#logstash

who was using logstash with hybris again?

I have a question about logstash, can I ask it here?

Go ahead, and we will see if anyone can answer

I am using logstash to fetch data from sql to elastic. And because logstash doesn t nest values from docs with same _id, I am using the aggregate plugin. But the examples that I have all have a flag like "task END" to output the nested field to the output.

how can I get Logstash 5.0?

If you don t have this flag "task end", its possible to do?

guys plz help, i get this error -> :exception=>#<EOFError: End of file reached> any idea?

and it cant deliver an email

We use tab-delimited CSV for our access logs and when our vulnerability scanners hit the applications, they tend to toss a bit of garbage in the fields. One thing being a double quote (written to the log as '\"') which the CSV parser does not like.

I'm trying to replace '\"' with '"""' but it looks like it's getting written to the field as '\"\"\"' when I believe I want '"""'. Any thoughts? mutate { gsub => ["event_message", '\"', '"""'] }

Is this the correct approach, or should I be changing a value on the csv filter?

torrancew: trying to get the bug repro done today

Can I compare a document ID with the previous document ID?

torrancew: hrm... minimal conf can't seem to reproduce the issue

I have some questions about using logstash to ship logs to elasticsearch and I’m not sure if I should ask them here or in the elasticsearch channel. The questions are about the interface between the two products ; right on the boundary. As such, please forgive me if I ask a question in here and it should be in the elasticsearch channel.

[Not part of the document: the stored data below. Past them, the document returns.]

lemma wshift_Neg [simp]:
  "wshift \<eta> \<kappa> lam f (Neg k) = (if k < \<kappa> then lam (Neg k) * f (Neg (Suc k)) else 0)"
  by (auto simp: wshift_def)

lemma wshift_Br_0 [simp]: "wshift \<eta> \<kappa> lam f (Br i 0) = 0"
  by (simp add: wshift_def)

lemma wshift_Br_1 [simp]:
  "wshift \<eta> \<kappa> lam f (Br i (Suc 0)) = (if 1 \<le> i \<and> enat i \<le> \<eta> then lam (Br i 1) * f (Neg 0) else 0)"
  by (simp add: wshift_def)

lemma wshift_Br_Suc_Suc [simp]:
  "wshift \<eta> \<kappa> lam f (Br i (Suc (Suc j))) =
    (if 1 \<le> i \<and> enat i \<le> \<eta> then lam (Br i (Suc (Suc j))) * f (Br i (Suc j)) else 0)"
  by (simp add: wshift_def)

lemma vtx_cases_by_generation:
  obtains k where "w = Neg k" | i where "w = Br i 0" | i where "w = Br i (Suc 0)"
    | i j where "w = Br i (Suc (Suc j))"
  by (metis vtx.exhaust not0_implies_Suc)

definition unit_vec :: "vtx \<Rightarrow> vtx \<Rightarrow> complex" where
  "unit_vec v = (\<lambda>w. if w = v then 1 else 0)"

lemma unit_vec_in_l2: "v \<in> V \<Longrightarrow> unit_vec v \<in> l2 V"
  and l2_norm_sq_scaled_unit_vec: "v \<in> V \<Longrightarrow> l2_norm_sq V (\<lambda>w. c * unit_vec v w) = (cmod c)\<^sup>2"
proof -
  assume "v \<in> V"
  then have "((\<lambda>w. (cmod (c * unit_vec v w))\<^sup>2) has_sum (cmod c)\<^sup>2) V" for c
    by (intro has_sum_finite_neutralI[of "{v}"]) (auto simp: unit_vec_def)
  from this[of 1] this[of c] \<open>v \<in> V\<close> show "unit_vec v \<in> l2 V" "l2_norm_sq V (\<lambda>w. c * unit_vec v w) = (cmod c)\<^sup>2"
    unfolding l2_def l2_norm_sq_def by (auto simp: unit_vec_def has_sum_iff)
qed

lemma wshift_iter_in_l2:
  assumes "wshift_bounded \<eta> \<kappa> lam" "f \<in> l2 (tree_verts \<eta> \<kappa>)"
  shows "(wshift \<eta> \<kappa> lam ^^ n) f \<in> l2 (tree_verts \<eta> \<kappa>)"
proof (induction n)
  case 0
  then show ?case using assms(2) by simp
next
  case (Suc n)
  then show ?case using assms(1) unfolding wshift_bounded_def by auto
qed

lemma wshift_iter_unit_vec_Br:
  assumes "1 \<le> i" "enat i \<le> \<eta>"
  shows "(wshift \<eta> \<kappa> lam ^^ n) (unit_vec (Br i 1)) =
    (\<lambda>w. of_real (\<Prod>l\<in>{2..Suc n}. lam (Br i l)) * unit_vec (Br i (Suc n)) w)"
proof (induction n)
  case 0
  show ?case by (simp add: unit_vec_def)
next
  case (Suc n)
  show ?case
  proof (rule ext)
    fix w
    have "(wshift \<eta> \<kappa> lam ^^ Suc n) (unit_vec (Br i 1)) w =
        wshift \<eta> \<kappa> lam ((wshift \<eta> \<kappa> lam ^^ n) (unit_vec (Br i 1))) w"
      by simp
    also have "\<dots> = of_real (\<Prod>l\<in>{2..Suc (Suc n)}. lam (Br i l)) * unit_vec (Br i (Suc (Suc n))) w"
      unfolding Suc.IH by (cases w rule: vtx_cases_by_generation)
        (use assms in \<open>auto simp: unit_vec_def prod.nat_ivl_Suc'\<close>)
    finally show "(wshift \<eta> \<kappa> lam ^^ Suc n) (unit_vec (Br i 1)) w =
        of_real (\<Prod>l\<in>{2..Suc (Suc n)}. lam (Br i l)) * unit_vec (Br i (Suc (Suc n))) w" .
  qed
qed

lemma wshift_iter_unit_vec_Neg_0:
  "(wshift \<eta> \<kappa> lam ^^ Suc n) (unit_vec (Neg 0)) w =
    (case w of Neg k \<Rightarrow> 0 | Br i j \<Rightarrow> if j = Suc n \<and> 1 \<le> i \<and> enat i \<le> \<eta>
        then of_real (\<Prod>l\<in>{1..Suc n}. lam (Br i l)) else 0)"
proof (induction n arbitrary: w)
  case 0
  show ?case by (cases w rule: vtx_cases_by_generation) (auto simp: unit_vec_def)
next
  case (Suc n)
  have "(wshift \<eta> \<kappa> lam ^^ Suc (Suc n)) (unit_vec (Neg 0)) w =
      wshift \<eta> \<kappa> lam ((wshift \<eta> \<kappa> lam ^^ Suc n) (unit_vec (Neg 0))) w"
    by simp
  also have "\<dots> = (case w of Neg k \<Rightarrow> 0 | Br i j \<Rightarrow> if j = Suc (Suc n) \<and> 1 \<le> i \<and> enat i \<le> \<eta>
        then of_real (\<Prod>l\<in>{1..Suc (Suc n)}. lam (Br i l)) else 0)"
    by (cases w rule: vtx_cases_by_generation)
      (auto simp: Suc.IH prod.nat_ivl_Suc' simp del: funpow.simps)
  finally show ?case .
qed

definition branch_moment :: "(vtx \<Rightarrow> real) \<Rightarrow> nat \<Rightarrow> nat \<Rightarrow> real" where
  "branch_moment lam i n = (\<Prod>l\<in>{2..Suc n}. lam (Br i l))\<^sup>2"

lemma branch_moment_0 [simp]: "branch_moment lam i 0 = 1"
  by (simp add: branch_moment_def)

lemma branch_moment_Suc: "branch_moment lam i (Suc n) = branch_moment lam i n * (lam (Br i (Suc (Suc n))))\<^sup>2"
  by (simp add: branch_moment_def prod.nat_ivl_Suc' power_mult_distrib)

lemma branch_moment_pos:
  assumes "\<And>l. 2 \<le> l \<Longrightarrow> lam (Br i l) > 0"
  shows "branch_moment lam i n > 0"
proof -
  have "(\<Prod>l\<in>{2..Suc n}. lam (Br i l)) > 0"
    by (rule prod_pos) (use assms in auto)
  then show ?thesis by (simp add: branch_moment_def)
qed

lemma l2_norm_sq_wshift_iter_unit_vec_Br:
  assumes "1 \<le> i" "enat i \<le> \<eta>"
  shows "l2_norm_sq (tree_verts \<eta> \<kappa>) ((wshift \<eta> \<kappa> lam ^^ n) (unit_vec (Br i 1))) = branch_moment lam i n"
proof -
  have "Br i (Suc n) \<in> tree_verts \<eta> \<kappa>"
    using assms by simp
  then show ?thesis
    unfolding wshift_iter_unit_vec_Br[OF assms] branch_moment_def
    by (simp only: l2_norm_sq_scaled_unit_vec norm_of_real power2_abs)
qed

lemma completely_alternating_branch_moment:
  assumes "completely_hyperexpansive \<eta> \<kappa> lam" "1 \<le> i" "enat i \<le> \<eta>"
  shows "completely_alternating (branch_moment lam i)"
proof -
  have "unit_vec (Br i 1) \<in> l2 (tree_verts \<eta> \<kappa>)"
    using assms by (intro unit_vec_in_l2) simp
  with assms(1) have "completely_alternating
      (\<lambda>n. l2_norm_sq (tree_verts \<eta> \<kappa>) ((wshift \<eta> \<kappa> lam ^^ n) (unit_vec (Br i 1))))"
    unfolding completely_hyperexpansive_def by blast
  then show ?thesis
    unfolding l2_norm_sq_wshift_iter_unit_vec_Br[OF assms(2,3)] .
qed

lemma has_sum_l2_norm_sq_wshift_iter_unit_vec_Neg_0:
  assumes "wshift_bounded \<eta> \<kappa> lam"
  shows "((\<lambda>i. (lam (Br i 1))\<^sup>2 * branch_moment lam i n) has_sum
      l2_norm_sq (tree_verts \<eta> \<kappa>) ((wshift \<eta> \<kappa> lam ^^ Suc n) (unit_vec (Neg 0))))
      {i. 1 \<le> i \<and> enat i \<le> \<eta>}"
proof -
  let ?V = "tree_verts \<eta> \<kappa>" and ?I = "{i. 1 \<le> i \<and> enat i \<le> \<eta>}"
  let ?g = "(wshift \<eta> \<kappa> lam ^^ Suc n) (unit_vec (Neg 0))"
  let ?h = "\<lambda>v. (cmod (?g v))\<^sup>2" and ?B = "\<lambda>i. Br i (Suc n)"
  have "?g \<in> l2 ?V"
    using assms by (intro wshift_iter_in_l2 unit_vec_in_l2) simp_all
  then have "(?h has_sum l2_norm_sq ?V ?g) ?V"
    unfolding l2_def l2_norm_sq_def by (simp add: summable_iff_has_sum_infsum)
  also have "?this \<longleftrightarrow> (?h has_sum l2_norm_sq ?V ?g) (?B ` ?I)"
  proof (rule has_sum_cong_neutral)
    fix x assume "x \<in> ?V - ?B ` ?I"
    then show "?h x = 0"
      by (cases x) (auto simp: wshift_iter_unit_vec_Neg_0 simp del: funpow.simps)
  qed auto
  also have "\<dots> \<longleftrightarrow> ((?h \<circ> ?B) has_sum l2_norm_sq ?V ?g) ?I"
    by (rule has_sum_reindex) (auto simp: inj_on_def)
  also have "\<dots> \<longleftrightarrow> ((\<lambda>i. (lam (Br i 1))\<^sup>2 * branch_moment lam i n) has_sum l2_norm_sq ?V ?g) ?I"
  proof (rule has_sum_cong)
    fix i assume "i \<in> ?I"
    then have "?g (?B i) = of_real (\<Prod>l\<in>{1..Suc n}. lam (Br i l))"
      by (simp add: wshift_iter_unit_vec_Neg_0 del: funpow.simps)
    then have "(?h \<circ> ?B) i = (\<Prod>l\<in>{1..Suc n}. lam (Br i l))\<^sup>2"
      by (simp only: comp_def norm_of_real power2_abs)
    also have "\<dots> = (lam (Br i 1))\<^sup>2 * branch_moment lam i n"
      by (simp add: branch_moment_def prod.atLeast_Suc_atMost power_mult_distrib numeral_2_eq_2)
    finally show "(?h \<circ> ?B) i = (lam (Br i 1))\<^sup>2 * branch_moment lam i n" .
  qed
  finally show ?thesis .
qed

The summary is this: I am running Elasticsearch 2.2.1, Logstash 2.2.2, and Kibana 4.4.2. Logs are shipping correctly, but when I view them in Kibana, I note a problem with the mapping. Host name is an analyzed field and is getting split on hyphen. I want it not_analyzed. I understand that I can’t change a current mapping, that I need a new one.

On a related note, I have tried searching for ‘host.raw’, but it’s not being created or I can’t find it; when I try searching for it, kibana returns no results.

Question 1. how do I specify the mapping? Is it a config change to the logstash elasticsearch plugin or a config change to the elasticsearch server? I want to manage the mapping with puppet. Relatedly: is this the most current one that I can copy https://github.com/elastic/logstash/blob/v1.3.1... and make changes to?

<http://tinyurl.com/jo6y89q>; (at github.com)

My research so far shows that for question 1, I can’t put a config file into place on the ES server, I have to use the API. This is firmly into the ES side of things so I’ll take my question there.

GiantEvolving: the elasticsearch puppet module can manage index templates

I don’t see mapping mentioned on https://forge.puppetlabs.com/elasticsearch/elas...

<http://tinyurl.com/oxpxkvg>; (at forge.puppetlabs.com)

because you can't manage mappings indipendently from indices

Ah….

you can only create an index with a given mapping

but there's a feature called index templates

So what I really mange with puppet is the template.

yes

:D

and that can contain a mapping that will be applied to all indices matching the templates selector

well, all newly created indices

Yeah.

OK, much knowledge unlocked. I guess the only thing I’m still concerned about is why I can’t query host.raw now with the default template.

I’m not entirely sure how to read the default template yet, but ‘raw’ is present in it.

i'd have a look at the actual mapping that the index has

you can retrieve that via the api or use a plugin such as kopf to display it

Sure thing, good call, I’ll check that.

Sure enough, no raw versions of the fields…

Makes me wonder what template is actually being used.

Will check...

Is it odd that there’s no template in the server at all?

curl -XGET 'localhost:9200/_template/*' returns nothing

GiantEvolving: I think you'll have to enable logstash's manage_template for it to add the template

I use puppet to manage the templates, so I must admit I'm not really up to date, but I think the default changed to "off"

hmmmm default is true according to https://www.elastic.co/guide/en/logstash/2.2/pl...

<http://tinyurl.com/gt53zca>; (at www.elastic.co)

But I’m happy to manage it in puppet anyway.

quick and possibly dingy question, if I use a csv filter to add columns are these supposed to show up as fields in Kibana/Elasticsearch on output?